EXTRACTED MATERIAL below:

(* For $p\in\mathbb{C}$, let $\Delta_p$ be the map on the oscillator algebra (generated by $H,E,F$ with $[H,E]=2E$, $[H,F]=-2F$, $[E,F]=1$) defined by $\Delta_p(H)=H\otimes \mathbb{I}+\mathbb{I}\otimes H$, $\Delta_p(E)=E\otimes \mathbb{I}+\mathbb{I}\otimes E$, $\Delta_p(F)=pF\otimes \mathbb{I}+(1-p)\mathbb{I}\otimes F$. In general $(\Delta_q\otimes \mathrm{Id})\circ\Delta_p \neq (\mathrm{Id}\otimes \Delta_{q'})\circ\Delta_{p'}$, but if the parameters satisfy $p'=pq$ and $1-p=(1-p')(1-q')$, then $(\Delta_q\otimes \mathrm{Id})\circ\Delta_p = (\mathrm{Id}\otimes \Delta_{q'})\circ\Delta_{p'}$.
   Context: The oscillator algebra is generated by $H,E,F$ with relations $[H,E]=2E$, $[H,F]=-2F$, $[E,F]=1$, acting on lowest-weight modules $V_\lambda$ with basis $|\lambda,n\rangle$ by $H|\lambda,n\rangle=(\lambda+2n)|\lambda,n\rangle$, $E|\lambda,n\rangle=|\lambda,n+1\rangle$, $F|\lambda,n\rangle=-n|\lambda,n-1\rangle$. The map $\Delta_p$ above arises as the coproduct for which the Clebsch--Gordan coefficients of $V_{\lambda_1}\otimes V_{\lambda_2}\sim\bigoplus_{k\ge0}V_{\lambda_1+\lambda_2+2k}$ are proportional to Krawtchouk polynomials $\binom{N}{n}\,{}_2F_1(-n,-k;-N;p^{-1})$. Here $\mathbb{I}$ is the identity and $\mathrm{Id}$ the identity map. *)

theory Defs
  imports Complex_Main
begin

text \<open>Terms of the free (term) algebra over generators of type 'g, with complex scalars.
  Sc c stands for c times the unit.\<close>
datatype 'g alg = Gen 'g | Sc complex | Add "'g alg" "'g alg" | Mul "'g alg" "'g alg"

text \<open>Equality in the unital associative complex algebra presented by generators 'g and
  relations R: the least congruence containing R and the axioms of a unital associative
  C-algebra (scalar multiplication c*a is Mul (Sc c) a).\<close>
inductive alg_eq :: "('g alg \<times> 'g alg) set \<Rightarrow> 'g alg \<Rightarrow> 'g alg \<Rightarrow> bool" for R where
  rel: "(a, b) \<in> R \<Longrightarrow> alg_eq R a b"
| refl: "alg_eq R a a"
| sym: "alg_eq R a b \<Longrightarrow> alg_eq R b a"
| trans: "alg_eq R a b \<Longrightarrow> alg_eq R b c \<Longrightarrow> alg_eq R a c"
| add_cong: "alg_eq R a a' \<Longrightarrow> alg_eq R b b' \<Longrightarrow> alg_eq R (Add a b) (Add a' b')"
| mul_cong: "alg_eq R a a' \<Longrightarrow> alg_eq R b b' \<Longrightarrow> alg_eq R (Mul a b) (Mul a' b')"
| add_assoc: "alg_eq R (Add (Add a b) c) (Add a (Add b c))"
| add_comm: "alg_eq R (Add a b) (Add b a)"
| add_zero: "alg_eq R (Add a (Sc 0)) a"
| add_neg: "alg_eq R (Add a (Mul (Sc (-1)) a)) (Sc 0)"
| mul_assoc: "alg_eq R (Mul (Mul a b) c) (Mul a (Mul b c))"
| mul_one_left: "alg_eq R (Mul (Sc 1) a) a"
| mul_one_right: "alg_eq R (Mul a (Sc 1)) a"
| distrib_left: "alg_eq R (Mul a (Add b c)) (Add (Mul a b) (Mul a c))"
| distrib_right: "alg_eq R (Mul (Add a b) c) (Add (Mul a c) (Mul b c))"
| sc_add: "alg_eq R (Sc (x + y)) (Add (Sc x) (Sc y))"
| sc_mult: "alg_eq R (Sc (x * y)) (Mul (Sc x) (Sc y))"
| sc_central: "alg_eq R (Mul (Sc x) a) (Mul a (Sc x))"

definition comm :: "'g alg \<Rightarrow> 'g alg \<Rightarrow> 'g alg" where
  "comm a b = Add (Mul a b) (Mul (Sc (-1)) (Mul b a))"

primrec subst :: "('a \<Rightarrow> 'b alg) \<Rightarrow> 'a alg \<Rightarrow> 'b alg" where
  "subst f (Gen g) = f g"
| "subst f (Sc c) = Sc c"
| "subst f (Add a b) = Add (subst f a) (subst f b)"
| "subst f (Mul a b) = Mul (subst f a) (subst f b)"

datatype gen = H | E | F

text \<open>n-fold tensor power of the oscillator algebra: generator (i, X) is
  I \<otimes> ... \<otimes> X (in slot i) \<otimes> ... \<otimes> I, for i < n.\<close>
definition tensor_rels :: "nat \<Rightarrow> ((nat \<times> gen) alg \<times> (nat \<times> gen) alg) set" where
  "tensor_rels n =
     {(comm (Gen (i, H)) (Gen (i, E)), Mul (Sc 2) (Gen (i, E))) | i. i < n}
   \<union> {(comm (Gen (i, H)) (Gen (i, F)), Mul (Sc (-2)) (Gen (i, F))) | i. i < n}
   \<union> {(comm (Gen (i, E)) (Gen (i, F)), Sc 1) | i. i < n}
   \<union> {(comm (Gen (i, X)) (Gen (j, Y)), Sc 0) | i j X Y. i < n \<and> j < n \<and> i \<noteq> j}"

fun Delta :: "complex \<Rightarrow> gen \<Rightarrow> (nat \<times> gen) alg" where
  "Delta p H = Add (Gen (0, H)) (Gen (1, H))"
| "Delta p E = Add (Gen (0, E)) (Gen (1, E))"
| "Delta p F = Add (Mul (Sc p) (Gen (0, F))) (Mul (Sc (1 - p)) (Gen (1, F)))"

definition shift :: "nat \<times> gen \<Rightarrow> (nat \<times> gen) alg" where
  "shift ix = Gen (fst ix + 1, snd ix)"

text \<open>Delta_q \<otimes> Id : U\<otimes>U \<rightarrow> U\<otimes>U\<otimes>U on generators.\<close>
definition Delta_Id :: "complex \<Rightarrow> nat \<times> gen \<Rightarrow> (nat \<times> gen) alg" where
  "Delta_Id q ix = (if fst ix = 0 then Delta q (snd ix) else Gen (fst ix + 1, snd ix))"

text \<open>Id \<otimes> Delta_q : U\<otimes>U \<rightarrow> U\<otimes>U\<otimes>U on generators.\<close>
definition Id_Delta :: "complex \<Rightarrow> nat \<times> gen \<Rightarrow> (nat \<times> gen) alg" where
  "Id_Delta q ix = (if fst ix = 0 then Gen ix
                    else if fst ix = 1 then subst shift (Delta q (snd ix))
                    else Gen (fst ix + 1, snd ix))"

text \<open>The two composites U \<rightarrow> U\<otimes>U\<otimes>U, applied to a (representative) element w of U.\<close>
definition lhs_map :: "complex \<Rightarrow> complex \<Rightarrow> gen alg \<Rightarrow> (nat \<times> gen) alg" where
  "lhs_map p q w = subst (Delta_Id q) (subst (Delta p) w)"

definition rhs_map :: "complex \<Rightarrow> complex \<Rightarrow> gen alg \<Rightarrow> (nat \<times> gen) alg" where
  "rhs_map p' q' w = subst (Id_Delta q') (subst (Delta p') w)"

end

theory Submission
  imports Defs
begin

text \<open>Both composites are algebra maps, so it suffices to compare them on generators. They
  send H and E to the sum of the three slot copies, and F to c0 F0 + c1 F1 + c2 F2 with
  coefficient triples (pq, p(1-q), 1-p) and (p', (1-p')q', (1-p')(1-q')) respectively. Under
  p' = pq and 1-p = (1-p')(1-q') the middle coefficients agree as well, since all three sum
  to 1. Conversely the triples must agree, because in the representation of the tensor cube
  on V(0) \<otimes> V(0) \<otimes> V(0) the operators F0, F1, F2 are linearly independent.\<close>

lemma alg_eq_cong_iff:
  assumes "alg_eq R a a'" and "alg_eq R b b'"
  shows "alg_eq R a b \<longleftrightarrow> alg_eq R a' b'"
  by (meson assms alg_eq.sym alg_eq.trans)

lemma alg_eq_Sc_distrib:
  "alg_eq R (Mul (Sc a) (Add (Mul (Sc b) x) (Mul (Sc c) y)))
     (Add (Mul (Sc (a * b)) x) (Mul (Sc (a * c)) y))"
proof -
  have "alg_eq R (Mul (Sc a) (Mul (Sc b) z)) (Mul (Sc (a * b)) z)" for b z
    by (meson alg_eq.mul_assoc alg_eq.sym alg_eq.trans alg_eq.mul_cong alg_eq.refl alg_eq.sc_mult)
  then show ?thesis
    by (meson alg_eq.distrib_left alg_eq.trans alg_eq.add_cong)
qed

lemma subst_subst: "subst f (subst g w) = subst (\<lambda>x. subst f (g x)) w"
  by (induction w) simp_all

lemma subst_alg_eq:
  assumes "\<And>x. alg_eq R (f x) (f' x)"
  shows "alg_eq R (subst f w) (subst f' w)"
  by (induction w) (simp_all add: assms alg_eq.refl alg_eq.add_cong alg_eq.mul_cong)

primrec interp ::
  "('g \<Rightarrow> ('i \<Rightarrow> complex) \<Rightarrow> 'i \<Rightarrow> complex) \<Rightarrow> 'g alg \<Rightarrow> ('i \<Rightarrow> complex) \<Rightarrow> 'i \<Rightarrow> complex"
where
  "interp \<rho> (Gen g) = \<rho> g"
| "interp \<rho> (Sc c) = (\<lambda>f x. c * f x)"
| "interp \<rho> (Add a b) = (\<lambda>f x. interp \<rho> a f x + interp \<rho> b f x)"
| "interp \<rho> (Mul a b) = (\<lambda>f. interp \<rho> a (interp \<rho> b f))"

definition linear_action :: "('g \<Rightarrow> ('i \<Rightarrow> complex) \<Rightarrow> 'i \<Rightarrow> complex) \<Rightarrow> bool" where
  "linear_action \<rho> \<longleftrightarrow>
     (\<forall>g f h. \<rho> g (\<lambda>x. f x + h x) = (\<lambda>x. \<rho> g f x + \<rho> g h x)) \<and>
     (\<forall>g c f. \<rho> g (\<lambda>x. c * f x) = (\<lambda>x. c * \<rho> g f x))"

lemma interp_add:
  assumes "linear_action \<rho>"
  shows "interp \<rho> a (\<lambda>x. f x + h x) = (\<lambda>x. interp \<rho> a f x + interp \<rho> a h x)"
  using assms by (induction a arbitrary: f h) (auto simp: linear_action_def algebra_simps)

lemma interp_scale:
  assumes "linear_action \<rho>"
  shows "interp \<rho> a (\<lambda>x. c * f x) = (\<lambda>x. c * interp \<rho> a f x)"
  using assms by (induction a arbitrary: f) (auto simp: linear_action_def algebra_simps)

lemma interp_alg_eq:
  assumes "alg_eq R a b" and "linear_action \<rho>"
    and "\<And>a b. (a, b) \<in> R \<Longrightarrow> interp \<rho> a = interp \<rho> b"
  shows "interp \<rho> a = interp \<rho> b"
  using assms(1)
proof (induction rule: alg_eq.induct)
  case (rel a b)
  then show ?case by (rule assms(3))
next
  case (distrib_left a b c)
  then show ?case by (simp add: interp_add[OF assms(2)])
next
  case (sc_central x a)
  then show ?case by (simp add: interp_scale[OF assms(2)])
next
  case (mul_cong a a' b b')
  then show ?case by simp
qed (auto simp: fun_eq_iff algebra_simps)

text \<open>The tensor powers of V(0): a function f on occupation numbers m stands for the formal
  vector \<Sum> f m |m\<rangle> over all m, and generator (i, X) acts on slot i.\<close>

fun fock :: "nat \<times> gen \<Rightarrow> ((nat \<Rightarrow> nat) \<Rightarrow> complex) \<Rightarrow> (nat \<Rightarrow> nat) \<Rightarrow> complex" where
  "fock (i, H) f m = 2 * of_nat (m i) * f m"
| "fock (i, E) f m = (if m i = 0 then 0 else f (m(i := m i - 1)))"
| "fock (i, F) f m = - of_nat (Suc (m i)) * f (m(i := Suc (m i)))"

lemma linear_action_fock: "linear_action fock"
proof -
  have "fock g (\<lambda>x. f x + h x) = (\<lambda>x. fock g f x + fock g h x)"
    and "fock g (\<lambda>x. c * f x) = (\<lambda>x. c * fock g f x)" for g f h c
    by (cases g; cases "snd g"; auto simp: algebra_simps)+
  then show ?thesis
    unfolding linear_action_def by blast
qed

lemma fock_commute:
  assumes "i \<noteq> j"
  shows "fock (i, X) (fock (j, Y) f) = fock (j, Y) (fock (i, X) f)"
  using assms by (cases X; cases Y; simp add: fun_eq_iff fun_upd_twist algebra_simps)

lemma fock_tensor_rels:
  assumes "(a, b) \<in> tensor_rels n"
  shows "interp fock a = interp fock b"
proof -
  have "interp fock (comm (Gen (i, H)) (Gen (i, E))) = interp fock (Mul (Sc 2) (Gen (i, E)))"
    and "interp fock (comm (Gen (i, H)) (Gen (i, F))) = interp fock (Mul (Sc (-2)) (Gen (i, F)))"
    and "interp fock (comm (Gen (i, E)) (Gen (i, F))) = interp fock (Sc 1)" for i
    by (auto simp: comm_def fun_eq_iff algebra_simps)
  moreover have "interp fock (comm (Gen (i, X)) (Gen (j, Y))) = interp fock (Sc 0)"
    if "i \<noteq> j" for i j X Y
    using fock_commute[OF that] by (simp add: comm_def fun_eq_iff)
  ultimately show ?thesis
    using assms unfolding tensor_rels_def by auto
qed

definition F_comb :: "complex \<Rightarrow> complex \<Rightarrow> complex \<Rightarrow> (nat \<times> gen) alg" where
  "F_comb c0 c1 c2 =
     Add (Mul (Sc c0) (Gen (0, F))) (Add (Mul (Sc c1) (Gen (1, F))) (Mul (Sc c2) (Gen (2, F))))"

lemma interp_fock_F_comb_vacuum:
  "interp fock (F_comb c0 c1 c2) v (\<lambda>_. 0) =
     - (c0 * v ((\<lambda>_. 0)(0 := 1)) + c1 * v ((\<lambda>_. 0)(1 := 1)) + c2 * v ((\<lambda>_. 0)(2 := 1)))"
  by (simp add: F_comb_def algebra_simps)

lemma single_occupation_eq_iff: "((\<lambda>_. 0)(i := 1) = ((\<lambda>_. 0)(j := 1) :: nat \<Rightarrow> nat)) \<longleftrightarrow> i = j"
  by (auto simp: fun_eq_iff)

lemma F_comb_alg_eq_iff:
  "alg_eq (tensor_rels n) (F_comb a0 a1 a2) (F_comb b0 b1 b2) \<longleftrightarrow> a0 = b0 \<and> a1 = b1 \<and> a2 = b2"
proof
  assume "alg_eq (tensor_rels n) (F_comb a0 a1 a2) (F_comb b0 b1 b2)"
  then have "interp fock (F_comb a0 a1 a2) = interp fock (F_comb b0 b1 b2)"
    by (rule interp_alg_eq[OF _ linear_action_fock fock_tensor_rels])
  then have "interp fock (F_comb a0 a1 a2) (\<lambda>m. if m = (\<lambda>_. 0)(j := 1) then 1 else 0) (\<lambda>_. 0) =
             interp fock (F_comb b0 b1 b2) (\<lambda>m. if m = (\<lambda>_. 0)(j := 1) then 1 else 0) (\<lambda>_. 0)"
    for j by simp
  from this[of 0] this[of 1] this[of 2] show "a0 = b0 \<and> a1 = b1 \<and> a2 = b2"
    unfolding interp_fock_F_comb_vacuum single_occupation_eq_iff by simp
qed (auto intro: alg_eq.refl)

lemma lhs_map_rhs_map_alg_eq:
  assumes "\<And>X. alg_eq R (lhs_map p q (Gen X)) (rhs_map p' q' (Gen X))"
  shows "alg_eq R (lhs_map p q w) (rhs_map p' q' w)"
proof -
  have "lhs_map p q w = subst (\<lambda>X. lhs_map p q (Gen X)) w"
    and "rhs_map p' q' w = subst (\<lambda>X. rhs_map p' q' (Gen X)) w"
    by (simp_all add: lhs_map_def rhs_map_def subst_subst)
  then show ?thesis
    using subst_alg_eq[OF assms] by simp
qed

lemma lhs_map_rhs_map_primitive:
  assumes "X \<noteq> F"
  shows "alg_eq R (lhs_map p q (Gen X)) (rhs_map p' q' (Gen X))"
  using assms by (cases X)
    (simp_all add: lhs_map_def rhs_map_def Delta_Id_def Id_Delta_def shift_def alg_eq.add_assoc)

lemma lhs_map_F: "alg_eq R (lhs_map p q (Gen F)) (F_comb (p * q) (p * (1 - q)) (1 - p))"
  unfolding lhs_map_def F_comb_def
  by (simp add: Delta_Id_def numeral_2_eq_2)
    (rule alg_eq.trans[OF alg_eq.add_cong[OF alg_eq_Sc_distrib alg_eq.refl] alg_eq.add_assoc])

lemma rhs_map_F:
  "alg_eq R (rhs_map p' q' (Gen F)) (F_comb p' ((1 - p') * q') ((1 - p') * (1 - q')))"
  unfolding rhs_map_def F_comb_def
  by (simp add: Id_Delta_def shift_def numeral_2_eq_2)
    (rule alg_eq.add_cong[OF alg_eq.refl alg_eq_Sc_distrib])

lemma lhs_map_rhs_map_F_iff:
  "alg_eq (tensor_rels n) (lhs_map p q (Gen F)) (rhs_map p' q' (Gen F)) \<longleftrightarrow>
     p * q = p' \<and> p * (1 - q) = (1 - p') * q' \<and> 1 - p = (1 - p') * (1 - q')"
  by (simp only: alg_eq_cong_iff[OF lhs_map_F rhs_map_F] F_comb_alg_eq_iff)

theorem mainTheorem5:
  shows "(\<exists>p q p' q' :: complex. \<exists>w.
            \<not> alg_eq (tensor_rels 3) (lhs_map p q w) (rhs_map p' q' w))
       \<and> (\<forall>p q p' q' :: complex. p' = p * q \<and> 1 - p = (1 - p') * (1 - q') \<longrightarrow>
            (\<forall>w. alg_eq (tensor_rels 3) (lhs_map p q w) (rhs_map p' q' w)))"
proof (intro conjI allI impI)
  have "\<not> alg_eq (tensor_rels 3) (lhs_map 1 0 (Gen F)) (rhs_map 0 0 (Gen F))"
    unfolding lhs_map_rhs_map_F_iff by simp
  then show "\<exists>p q p' q' :: complex. \<exists>w. \<not> alg_eq (tensor_rels 3) (lhs_map p q w) (rhs_map p' q' w)"
    by blast
next
  fix p q p' q' :: complex and w
  assume params: "p' = p * q \<and> 1 - p = (1 - p') * (1 - q')"
  then have "p * (1 - q) = (1 - p') * q'"
    by algebra
  then have "alg_eq (tensor_rels 3) (lhs_map p q (Gen X)) (rhs_map p' q' (Gen X))" for X
    using params lhs_map_rhs_map_primitive lhs_map_rhs_map_F_iff by (cases X) auto
  then show "alg_eq (tensor_rels 3) (lhs_map p q w) (rhs_map p' q' w)"
    by (rule lhs_map_rhs_map_alg_eq)
qed

end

End of EXTRACTED MATERIAL.

What you give back must be the stretch above, starting at the line with "R (Add a (Sc" and ending at the line with "text \<open>Id \<otimes>", copied exactly.

● **REPLY**
| add_zero: "alg_eq R (Add a (Sc 0)) a"
| add_neg: "alg_eq R (Add a (Mul (Sc (-1)) a)) (Sc 0)"
| mul_assoc: "alg_eq R (Mul (Mul a b) c) (Mul a (Mul b c))"
| mul_one_left: "alg_eq R (Mul (Sc 1) a) a"
| mul_one_right: "alg_eq R (Mul a (Sc 1)) a"
| distrib_left: "alg_eq R (Mul a (Add b c)) (Add (Mul a b) (Mul a c))"
| distrib_right: "alg_eq R (Mul (Add a b) c) (Add (Mul a c) (Mul b c))"
| sc_add: "alg_eq R (Sc (x + y)) (Add (Sc x) (Sc y))"
| sc_mult: "alg_eq R (Sc (x * y)) (Mul (Sc x) (Sc y))"
| sc_central: "alg_eq R (Mul (Sc x) a) (Mul a (Sc x))"

definition comm :: "'g alg \<Rightarrow> 'g alg \<Rightarrow> 'g alg" where
  "comm a b = Add (Mul a b) (Mul (Sc (-1)) (Mul b a))"

primrec subst :: "('a \<Rightarrow> 'b alg) \<Rightarrow> 'a alg \<Rightarrow> 'b alg" where
  "subst f (Gen g) = f g"
| "subst f (Sc c) = Sc c"
| "subst f (Add a b) = Add (subst f a) (subst f b)"
| "subst f (Mul a b) = Mul (subst f a) (subst f b)"

datatype gen = H | E | F

text \<open>n-fold tensor power of the oscillator algebra: generator (i, X) is
  I \<otimes> ... \<otimes> X (in slot i) \<otimes> ... \<otimes> I, for i < n.\<close>
definition tensor_rels :: "nat \<Rightarrow> ((nat \<times> gen) alg \<times> (nat \<times> gen) alg) set" where
  "tensor_rels n =
     {(comm (Gen (i, H)) (Gen (i, E)), Mul (Sc 2) (Gen (i, E))) | i. i < n}
   \<union> {(comm (Gen (i, H)) (Gen (i, F)), Mul (Sc (-2)) (Gen (i, F))) | i. i < n}
   \<union> {(comm (Gen (i, E)) (Gen (i, F)), Sc 1) | i. i < n}
   \<union> {(comm (Gen (i, X)) (Gen (j, Y)), Sc 0) | i j X Y. i < n \<and> j < n \<and> i \<noteq> j}"

fun Delta :: "complex \<Rightarrow> gen \<Rightarrow> (nat \<times> gen) alg" where
  "Delta p H = Add (Gen (0, H)) (Gen (1, H))"
| "Delta p E = Add (Gen (0, E)) (Gen (1, E))"
| "Delta p F = Add (Mul (Sc p) (Gen (0, F))) (Mul (Sc (1 - p)) (Gen (1, F)))"

definition shift :: "nat \<times> gen \<Rightarrow> (nat \<times> gen) alg" where
  "shift ix = Gen (fst ix + 1, snd ix)"

text \<open>Delta_q \<otimes> Id : U\<otimes>U \<rightarrow> U\<otimes>U\<otimes>U on generators.\<close>
definition Delta_Id :: "complex \<Rightarrow> nat \<times> gen \<Rightarrow> (nat \<times> gen) alg" where
  "Delta_Id q ix = (if fst ix = 0 then Delta q (snd ix) else Gen (fst ix + 1, snd ix))"

text \<open>Id \<otimes> Delta_q : U\<otimes>U \<rightarrow> U\<otimes>U\<otimes>U on generators.\<close>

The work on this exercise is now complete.